Any student of American politics in the 20th and 21st century will likely be familiar with the phrase "manufacturing consent" and "muddying the water." Ambiguities are useful to writers like me, and they're even more useful to politicians. If you can say one thing-- the same thing, carefully crafted--to different audiences and have them reach different conclusions when they hear it, so much the better. Your time has been saved; your position consolidated; your audience grown.
We all know and lament the ambiguities inherent in public displays of political goals, political sentiments. We want politicians to say what they mean, but we also want to hear what we want to hear. The dual, competing nature of these desires leads naturally to ambiguity.
Podesta is saying, quite naturally: I'm with you. I live in this world. We don't always know why we do what we do. We don't always know what it means. I understand that. And I want to share that knowledge with you.
This is a very powerful position to take. He is demonstrating that he is an educated and urbane man, accustomed to making fine distinctions in a complex world.
Fine, fine! All from a statue of some headless guy!

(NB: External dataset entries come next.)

lemma Talpha_unfold_pair:
  assumes "Talpha p q r a u u1 uh uh1 \<alpha> (fst y) (fst k)" "Talpha p q r a u u1 uh uh1 \<alpha>' (snd y) (snd k)"
  shows "SR0rel p q r a u u1 uh uh1 R11 R12 R21 R22 (unfold_pair y) (unfold_pair k)"
proof -
  obtain w1 e0 e1 where qw: "qd p q r (intv 0 a) (fst y) w1 (fst k)"
    and bw: "bv_plus u u1 uh uh1 (fst y) w1 e0 e1"
    and cw: "e0 * of_real (cos \<alpha>) + e1 * of_real (sin \<alpha>) = 0"
    using assms(1) unfolding Talpha_def by blast
  obtain v1 c0 c1 where qv: "qd p q r (intv 0 a) (snd y) v1 (snd k)"
    and bv: "bv_plus u u1 uh uh1 (snd y) v1 c0 c1"
    and cv: "c0 * of_real (cos \<alpha>') + c1 * of_real (sin \<alpha>') = 0"
    using assms(2) unfolding Talpha_def by blast
  have L2: "L2pair r (intv (-a) 0) (intv 0 a) (unfold_pair y)"
      "L2pair r (intv (-a) 0) (intv 0 a) (unfold_pair k)"
    using assms L2pair_unfold_pair unfolding Talpha_def maxrel_def L2pair_def by auto
  define m0 m1 b0 b1 where "m0 = inv_sqrt2 * e0 + inv_sqrt2 * c0"
    and "m1 = - (inv_sqrt2 * e1 + inv_sqrt2 * c1)"
    and "b0 = (- inv_sqrt2) * e0 + inv_sqrt2 * c0" and "b1 = (- inv_sqrt2) * e1 + inv_sqrt2 * c1"
  have "(m0 - b0) * of_real (cos \<alpha>) + (- m1 - b1) * of_real (sin \<alpha>)
      = 2 * inv_sqrt2 * (e0 * of_real (cos \<alpha>) + e1 * of_real (sin \<alpha>))"
    and "(m0 + b0) * of_real (cos \<alpha>') + (b1 - m1) * of_real (sin \<alpha>')
      = 2 * inv_sqrt2 * (c0 * of_real (cos \<alpha>') + c1 * of_real (sin \<alpha>'))"
    unfolding m0_def m1_def b0_def b1_def by (simp_all add: algebra_simps)
  with cw cv have "(m0 - b0) * of_real (cos \<alpha>) + (- m1 - b1) * of_real (sin \<alpha>) = 0 \<and>
      (m0 + b0) * of_real (cos \<alpha>') + (b1 - m1) * of_real (sin \<alpha>') = 0"
    by simp
  then have "m0 = of_real R11 * b0 + of_real R12 * b1 \<and> m1 = of_real R21 * b0 + of_real R22 * b1"
    by (rule decouple[THEN iffD2])
  moreover obtain gm1 gp1 where
    "qd p q r (intv (-a) 0) (fst (unfold_pair y)) gm1 (fst (unfold_pair k))"
    "bv_minus u u1 uh uh1 (fst (unfold_pair y)) gm1 m0 m1"
    "qd p q r (intv 0 a) (snd (unfold_pair y)) gp1 (snd (unfold_pair k))"
    "bv_plus u u1 uh uh1 (snd (unfold_pair y)) gp1 b0 b1"
    unfolding m0_def m1_def b0_def b1_def by (rule unfold_pair_boundary_values[OF qw qv bw bv])
  ultimately show ?thesis
    unfolding SR0rel_def Smaxrel_def maxrel_def using L2[unfolded L2pair_def] by blast
qed

end

end

theorem theorem4p9:
  fixes p q r :: "real \<Rightarrow> real" and a :: ereal and lam0 :: real
    and u u1 uh uh1 :: "real \<Rightarrow> complex"
    and R11 R12 R21 R22 \<alpha> \<alpha>' :: real
  assumes a_pos: "0 < a"
    and meas: "set_borel_measurable lborel (intv (-a) 0 \<union> intv 0 a) p"
              "set_borel_measurable lborel (intv (-a) 0 \<union> intv 0 a) q"
              "set_borel_measurable lborel (intv (-a) 0 \<union> intv 0 a) r"
    and even: "\<forall>x\<in>intv 0 a. p (-x) = p x \<and> q (-x) = q x \<and> r (-x) = r x"
    and pos: "AE x in lborel. x \<in> intv (-a) 0 \<union> intv 0 a \<longrightarrow> p x > 0 \<and> r x > 0"
    and loc_int: "\<forall>c d. {c..d} \<subseteq> intv (-a) 0 \<longrightarrow>
         set_integrable lborel {c..d} (\<lambda>x. 1 / p x) \<and> set_integrable lborel {c..d} q \<and>
         set_integrable lborel {c..d} r"
    and LP_minus_a: "\<not> LC_left p q r (-a) 0"
    and LP_plus_a: "\<not> LC_right p q r 0 a"
    and LCNO_0minus: "LC_right p q r (-a) 0" "nonosc_right p q r (-a) 0"
    and LCNO_0plus: "LC_left p q r 0 a" "nonosc_left p q r 0 a"
    and bounded_below: "\<forall>x f. Sminrel p q r a x f \<longrightarrow>
         pinner r (intv (-a) 0) (intv 0 a) f x \<in> \<real> \<and>
         Re (pinner r (intv (-a) 0) (intv 0 a) f x) \<ge> lam0 * pnormsq r (intv (-a) 0) (intv 0 a) x"
    and u_sol: "solves p q r (intv 0 a) (complex_of_real lam0) u u1"
    and u_real: "\<forall>t\<in>intv 0 a. u t \<in> \<real> \<and> u1 t \<in> \<real>"
    and u_principal: "\<exists>c. 0 < c \<and> ereal c < a \<and> (\<forall>t\<in>{0<..<c}. u t \<noteq> 0) \<and>
         set_nn_integral lborel {0<..<c} (\<lambda>t. ennreal (1 / (p t * (Re (u t))\<^sup>2))) = \<infinity>"
    and uh_sol: "solves p q r (intv 0 a) (complex_of_real lam0) uh uh1"
    and uh_real: "\<forall>t\<in>intv 0 a. uh t \<in> \<real> \<and> uh1 t \<in> \<real>"
    and wronskian: "\<forall>t\<in>intv 0 a. uh t * u1 t - uh1 t * u t = 1"
    and R0_SL2: "R11 * R22 - R12 * R21 = 1"
    and R0_diag: "R11 = R22"
    and alpha_def: "\<alpha> = (if R12 \<noteq> 0 then arccot ((R11 + 1) / R12)
                         else if R11 = -1 then arccot (- R21 / 2) else pi)"
    and alpha'_def: "\<alpha>' = (if R12 \<noteq> 0 then arccot ((R11 - 1) / R12)
                         else if R11 = -1 then pi else arccot (R21 / 2))"
  shows "unit_equiv r (intv (-a) 0) (intv 0 a) (SR0rel p q r a u u1 uh uh1 R11 R12 R21 R22)
                    r (intv 0 a) (intv 0 a)
                    (\<lambda>x f. Talpha p q r a u u1 uh uh1 \<alpha> (fst x) (fst f) \<and>
                           Talpha p q r a u u1 uh uh1 \<alpha>' (snd x) (snd f))"
proof -
  let ?Im = "intv (-a) 0" and ?Ip = "intv 0 a"
  have r_meas: "set_borel_measurable lborel ?Ip r"
    using intv_sets[of 0 a] by (intro set_borel_measurable_subset[OF meas(3)]) auto
  note decouple = coupled_iff_separated[OF R0_SL2 R0_diag alpha_def alpha'_def]
  have graphs: "in_graph ?Im ?Ip (SR0rel p q r a u u1 uh uh1 R11 R12 R21 R22) x f \<longleftrightarrow>
      in_graph ?Ip ?Ip (\<lambda>x f. Talpha p q r a u u1 uh uh1 \<alpha> (fst x) (fst f) \<and>
                             Talpha p q r a u u1 uh uh1 \<alpha>' (snd x) (snd f))
        (fold_pair x) (fold_pair f)" for x f
    by (rule in_graph_transfer[where V = unfold_pair])
      (use SR0rel_fold_pair[OF even r_meas decouple] Talpha_unfold_pair[OF even r_meas decouple]
         paeq_fold_pair paeq_unfold_pair in auto)
  show ?thesis
    unfolding unit_equiv_def
  proof (intro exI[of _ fold_pair] conjI allI impI)
    fix y assume "L2pair r ?Ip ?Ip y"
    then show "\<exists>x. L2pair r ?Im ?Ip x \<and> paeq ?Ip ?Ip (fold_pair x) y"
      using L2pair_unfold_pair[OF even r_meas] by (intro exI[of _ "unfold_pair y"]) (simp add: paeq_def aeq_def)
  qed (simp_all add: L2pair_fold_pair[OF even r_meas] pnormsq_fold_pair[OF even r_meas]
      fold_pair_linear paeq_def aeq_def graphs)
qed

Let's say, for the sake of argument, that John Podesta is a kind of saint. He enjoys playing with children in his private pool out of an overwhelming love for his fellow man, and wants to bring joy to children. It would be great if that were true; perhaps it is still barely possible.
In that case, I think it's very hard to argue that a man known to be a saint (no skeletons in his closet!) would be in a close working relationship with the Clintons, and I find it hard to see how this complex work of art, with all its ambiguities and strong imagery, would cooperate well with the public image of "innocent man." It doesn't, really. The art work -- this public symbol! -- rather says the opposite. It says: "I am compromised in interesting ways-- even if only in my mind. And I am okay with that."
This art work is a symbol of compromise: another strong and natural political position. The cavemen of Lascaux can't get help with the hunt for free; can't get extra deerskins for free. Trade is the backbone of politics.
So again, the statue is saying: I live in a world of compromise. A world of ambiguities. A world of difficult truths.
Rich people know something about that world. And some of them will appreciate a man who signals openly that he understands these things about the world they inhabit.
If we leave it there, we have already learned something interesting. This work of art cannot be innocent, because of who Podesta is. He is too smart for that; we are too smart for that; his donors are too smart for that.
This is the artwork of a compromised man. Even if he is no pedophile, no cannibal, this art work still signals his willingness to engage in-- and even his affection for -- this world of competing human motives, a world with no small amount of pain. Like Roman Emperors and their worlds, it is a subtle landscape, replete with contradictions and difficult truths. A world of monsters, and perhaps even angels.
Even if we never prove anything about Pizzagate; we have already learned a lot.
And reasonable people, when confronting such interesting signals of political compromise, might well be persuaded there is more to the story.